Stored items:
>>

lemma T_out_left_expansion:
  assumes K: "markov_kernel_on X K" and T_out: "T_out X K \<alpha> \<beta> c"
    and \<nu>: "\<alpha> - \<beta> < \<nu>" "\<nu> < \<alpha>"
  shows "(\<lambda>x. D2 K \<nu> x + \<nu> * (- x) powr (\<nu> - 1) * drift K x - c * \<nu> * (- x) powr (\<nu> - \<alpha>) * kappa0 \<alpha> \<nu>)
           \<in> o[at_bot \<sqinter> principal X](\<lambda>x. (- x) powr (\<nu> - \<alpha>))"
proof -
  obtain x0 B where \<alpha>: "1 < \<alpha>" "\<alpha> < 2" and \<beta>: "\<alpha> < \<beta>" and c: "c > 0"
    and tail: "\<And>e. e > 0 \<Longrightarrow> \<forall>\<^sub>F y in at_top. \<forall>x\<in>X. x \<le> - x0 \<longrightarrow>
                 \<bar>y powr \<alpha> * measure (K x) {z. negpart (z - x) > y} - c\<bar> \<le> e"
    and moment: "\<And>x. x \<in> X \<Longrightarrow> x \<le> - x0 \<Longrightarrow>
                   (\<integral>\<^sup>+z. ennreal (pospart (z - x) powr \<beta>) \<partial>K x) \<le> ennreal B"
    using T_out unfolding T_out_def by blast
  define I where "I = {x \<in> X. x \<le> - x0}"
  have "\<exists>Y. \<forall>y\<ge>Y. \<forall>x\<in>I. \<bar>y powr \<alpha> * measure (K x) {z. y < x - z} - c\<bar> \<le> e" if e: "e > 0" for e
  proof -
    obtain Y where Y: "\<And>y. y \<ge> Y \<Longrightarrow> \<forall>x\<in>X. x \<le> - x0 \<longrightarrow>
        \<bar>y powr \<alpha> * measure (K x) {z. negpart (z - x) > y} - c\<bar> \<le> e"
      using tail[OF e] unfolding eventually_at_top_linorder by blast
    have tail_set: "y \<ge> 0 \<Longrightarrow> {z. negpart (z - x) > y} = {z. y < x - z}" for x y
      by (auto simp: negpart_def)
    show ?thesis
    proof (intro exI[of _ "max Y 0"] allI impI ballI)
      fix y x assume "max Y 0 \<le> y" "x \<in> I"
      then show "\<bar>y powr \<alpha> * measure (K x) {z. y < x - z} - c\<bar> \<le> e"
        using Y[of y] tail_set[of y x] by (auto simp: I_def)
    qed
  qed
  moreover have "(\<integral>\<^sup>+z. ennreal (negpart (x - z) powr \<beta>) \<partial>K x) \<le> ennreal (max B 0)" if "x \<in> I" for x
  proof -
    have "negpart (x - z) = pospart (z - x)" for z by (simp add: negpart_def pospart_def)
    then show ?thesis using moment[of x] that by (auto simp: I_def intro: order_trans ennreal_leI)
  qed
  ultimately have "\<exists>S. \<forall>x\<in>I. - x \<ge> S \<longrightarrow>
      \<bar>(\<integral>z. f2 \<nu> (- x + (x - z)) - f2 \<nu> (- x) \<partial>K x) - \<nu> * (- x) powr (\<nu> - 1) * (\<integral>z. x - z \<partial>K x)
         - c * \<nu> * (- x) powr (\<nu> - \<alpha>) * kappa0 \<alpha> \<nu>\<bar> \<le> e * (- x) powr (\<nu> - \<alpha>)" if "e > 0" for e
    using K that c increment_expectation_asymptotic[OF power_profile_f2 \<alpha> \<beta> _ \<nu>,
        of c I K "\<lambda>x z. x - z" "max B 0" e uminus]
    by (auto simp: I_def markov_kernel_on_def)
  moreover have "f2 \<nu> (- y) = f2 \<nu> y" for y by (simp add: f2_def)
  moreover have "(\<integral>z. x - z \<partial>K x) = - drift K x" for x
    unfolding drift_def by (subst integral_minus[symmetric]) simp
  ultimately show ?thesis
    by (intro smallo_of_uniform_bound[where I = I])
      (auto simp: D2_def I_def eventually_inf_principal eventually_at_bot_linorder
        intro: filterlim_mono[OF filterlim_uminus_at_top_at_bot order_refl inf_le1])
qed
text \<open>Choose \<open>r > 0\<close> so small that \<open>0\<close> is the only root of \<open>charpoly V\<close> in the closed disc of
  radius \<open>r\<close>. By Rouche's theorem, for \<open>M\<close> with \<open>sigma M\<close> close to \<open>sigma V\<close> the polynomial
  \<open>charpoly M\<close> still has no root on the circle and exactly \<open>n0\<close> roots inside it, and these are its
  \<open>n0\<close> roots of smallest modulus. By the argument principle their power sums are the contour
  integrals of \<open>z\<^sup>k p'(z) / p(z)\<close>, \<open>p = charpoly M\<close>, over the circle divided by \<open>2\<pi>i\<close>; these are
  holomorphic in the entries of \<open>M\<close> by differentiation under the integral sign, and Newton's
  identities turn power sums into elementary symmetric functions.\<close>

section \<open>Holomorphic functions of a matrix\<close>

lemma holomorphic_mat_on_const: "holomorphic_mat_on (\<lambda>x. c) S"
  unfolding holomorphic_mat_on_def by (auto intro!: exI[of _ "\<lambda>v. 0"] derivative_eq_intros)

lemma holomorphic_mat_on_subset: "holomorphic_mat_on f S \<Longrightarrow> T \<subseteq> S \<Longrightarrow> holomorphic_mat_on f T"
  unfolding holomorphic_mat_on_def by blast

lemma holomorphic_mat_on_imp_continuous_on: "holomorphic_mat_on f S \<Longrightarrow> continuous_on S f"
  unfolding holomorphic_mat_on_def
  by (intro continuous_at_imp_continuous_on) (blast intro: has_derivative_continuous)

lemma holomorphic_mat_on_add:
  assumes "holomorphic_mat_on f S" "holomorphic_mat_on g S"
  shows "holomorphic_mat_on (\<lambda>x. f x + g x) S"
  unfolding holomorphic_mat_on_def
proof
  fix x assume "x \<in> S"
  then obtain Df Dg where "(f has_derivative Df) (at x)" "\<forall>c v. Df (cscale c v) = c * Df v"
      "(g has_derivative Dg) (at x)" "\<forall>c v. Dg (cscale c v) = c * Dg v"
    using assms unfolding holomorphic_mat_on_def by blast
  then show "\<exists>D. ((\<lambda>x. f x + g x) has_derivative D) (at x) \<and> (\<forall>c v. D (cscale c v) = c * D v)"
    by (intro exI[of _ "\<lambda>v. Df v + Dg v"]) (auto intro!: derivative_eq_intros simp: algebra_simps)
qed

lemma holomorphic_mat_on_mult:
  assumes "holomorphic_mat_on f S" "holomorphic_mat_on g S"
  shows "holomorphic_mat_on (\<lambda>x. f x * g x) S"
  unfolding holomorphic_mat_on_def
proof
  fix x assume "x \<in> S"
  then obtain Df Dg where "(f has_derivative Df) (at x)" "\<forall>c v. Df (cscale c v) = c * Df v"
      "(g has_derivative Dg) (at x)" "\<forall>c v. Dg (cscale c v) = c * Dg v"
    using assms unfolding holomorphic_mat_on_def by blast
  then show "\<exists>D. ((\<lambda>x. f x * g x) has_derivative D) (at x) \<and> (\<forall>c v. D (cscale c v) = c * D v)"
    by (intro exI[of _ "\<lambda>v. f x * Dg v + Df v * g x"]) (auto intro!: derivative_eq_intros simp: algebra_simps)
qed

lemma holomorphic_mat_on_sum:
  "finite A \<Longrightarrow> (\<And>i. i \<in> A \<Longrightarrow> holomorphic_mat_on (f i) S) \<Longrightarrow> holomorphic_mat_on (\<lambda>x. \<Sum>i\<in>A. f i x) S"
  by (induction A rule: finite_induct) (auto intro!: holomorphic_mat_on_add holomorphic_mat_on_const)

section \<open>Holomorphic parameter integrals\<close>

text \<open>\<open>f x t\<close> is holomorphic in the matrix \<open>x\<close>, with a derivative that is continuous jointly in
  \<open>(x, t)\<close>: the hypothesis for differentiation under the integral sign.\<close>
definition holomorphic_param_on ::
    "((complex ^ 'n ^ 'm) \<times> real) set \<Rightarrow> (complex ^ 'n ^ 'm \<Rightarrow> real \<Rightarrow> complex) \<Rightarrow> bool" where
  "holomorphic_param_on S f \<longleftrightarrow> (\<exists>f'. continuous_on S (\<lambda>(x, t). f' x t) \<and> continuous_on S (\<lambda>(x, t). f x t) \<and>
     (\<forall>(x, t) \<in> S. ((\<lambda>y. f y t) has_derivative blinfun_apply (f' x t)) (at x) \<and>
        (\<forall>c v. f' x t (cscale c v) = c * f' x t v)))"

lemma holomorphic_param_on_subset: "holomorphic_param_on S f \<Longrightarrow> T \<subseteq> S \<Longrightarrow> holomorphic_param_on T f"
  unfolding holomorphic_param_on_def by (meson continuous_on_subset subsetD)

lemma holomorphic_param_on_param: "continuous_on UNIV g \<Longrightarrow> holomorphic_param_on S (\<lambda>x t. g t)"
  unfolding holomorphic_param_on_def
  by (rule exI[of _ "\<lambda>x t. 0"])
    (auto intro!: continuous_intros continuous_on_compose2[of UNIV g] simp: case_prod_beta zero_blinfun.rep_eq)

lemma holomorphic_param_on_const: "holomorphic_param_on S (\<lambda>x t. c)"
  using holomorphic_param_on_param[of "\<lambda>t. c"] by simp

lemma holomorphic_param_on_entry: "holomorphic_param_on S (\<lambda>(x :: complex ^ 'n ^ 'm) t. x $ i $ j)"
proof -
  have lin: "bounded_linear (\<lambda>v :: complex ^ 'n ^ 'm. v $ i $ j)"
    by (intro bounded_linear_compose[OF bounded_linear_vec_nth] bounded_linear_vec_nth)
  show ?thesis unfolding holomorphic_param_on_def
    by (rule exI[of _ "\<lambda>x t. Blinfun (\<lambda>v. v $ i $ j)"])
      (auto simp: bounded_linear_Blinfun_apply[OF lin] cscale_def case_prod_beta
        intro!: continuous_intros bounded_linear_imp_has_derivative lin)
qed

lemma holomorphic_param_on_add:
  assumes "holomorphic_param_on S f" "holomorphic_param_on S g"
  shows "holomorphic_param_on S (\<lambda>x t. f x t + g x t)"
  using assms unfolding holomorphic_param_on_def
  apply (elim exE conjE)
  subgoal for f' g'
    by (rule exI[of _ "\<lambda>x t. f' x t + g' x t"])
      (auto simp: case_prod_beta blinfun.add_left algebra_simps intro!: continuous_intros derivative_eq_intros)
  done

lemma holomorphic_param_on_mult:
  assumes "holomorphic_param_on S f" "holomorphic_param_on S g"
  shows "holomorphic_param_on S (\<lambda>x t. f x t * g x t)"
  using assms unfolding holomorphic_param_on_def
  apply (elim exE conjE)
  subgoal for f' g'
    by (rule exI[of _ "\<lambda>x t. (blinfun_mult_right (f x t) o\<^sub>L g' x t) + (blinfun_mult_right (g x t) o\<^sub>L f' x t)"])
      (auto simp: case_prod_beta blinfun.add_left algebra_simps intro!: continuous_intros derivative_eq_intros)
  done

lemma holomorphic_param_on_inverse:
  assumes "holomorphic_param_on S f" "\<And>x t. (x, t) \<in> S \<Longrightarrow> f x t \<noteq> 0"
  shows "holomorphic_param_on S (\<lambda>x t. inverse (f x t))"
  using assms(1) unfolding holomorphic_param_on_def
  apply (elim exE conjE)
  subgoal for f'
    by (rule exI[of _ "\<lambda>x t. blinfun_mult_right (- (inverse (f x t) ^ 2)) o\<^sub>L f' x t"])
      (auto simp: case_prod_beta algebra_simps power2_eq_square intro!: derivative_eq_intros continuous_intros assms(2))
  done

lemma holomorphic_param_on_neg: "holomorphic_param_on S f \<Longrightarrow> holomorphic_param_on S (\<lambda>x t. - f x t)"
  using holomorphic_param_on_mult[OF holomorphic_param_on_const[of S "-1"]] by simp

lemma holomorphic_param_on_diff:
  "holomorphic_param_on S f \<Longrightarrow> holomorphic_param_on S g \<Longrightarrow> holomorphic_param_on S (\<lambda>x t. f x t - g x t)"
  using holomorphic_param_on_add[OF _ holomorphic_param_on_neg] by simp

<<

Go through the data above and copy each line that holds the word "under".

  holomorphic in the entries of \<open>M\<close> by differentiation under the integral sign, and Newton's
  \<open>(x, t)\<close>: the hypothesis for differentiation under the integral sign.\<close>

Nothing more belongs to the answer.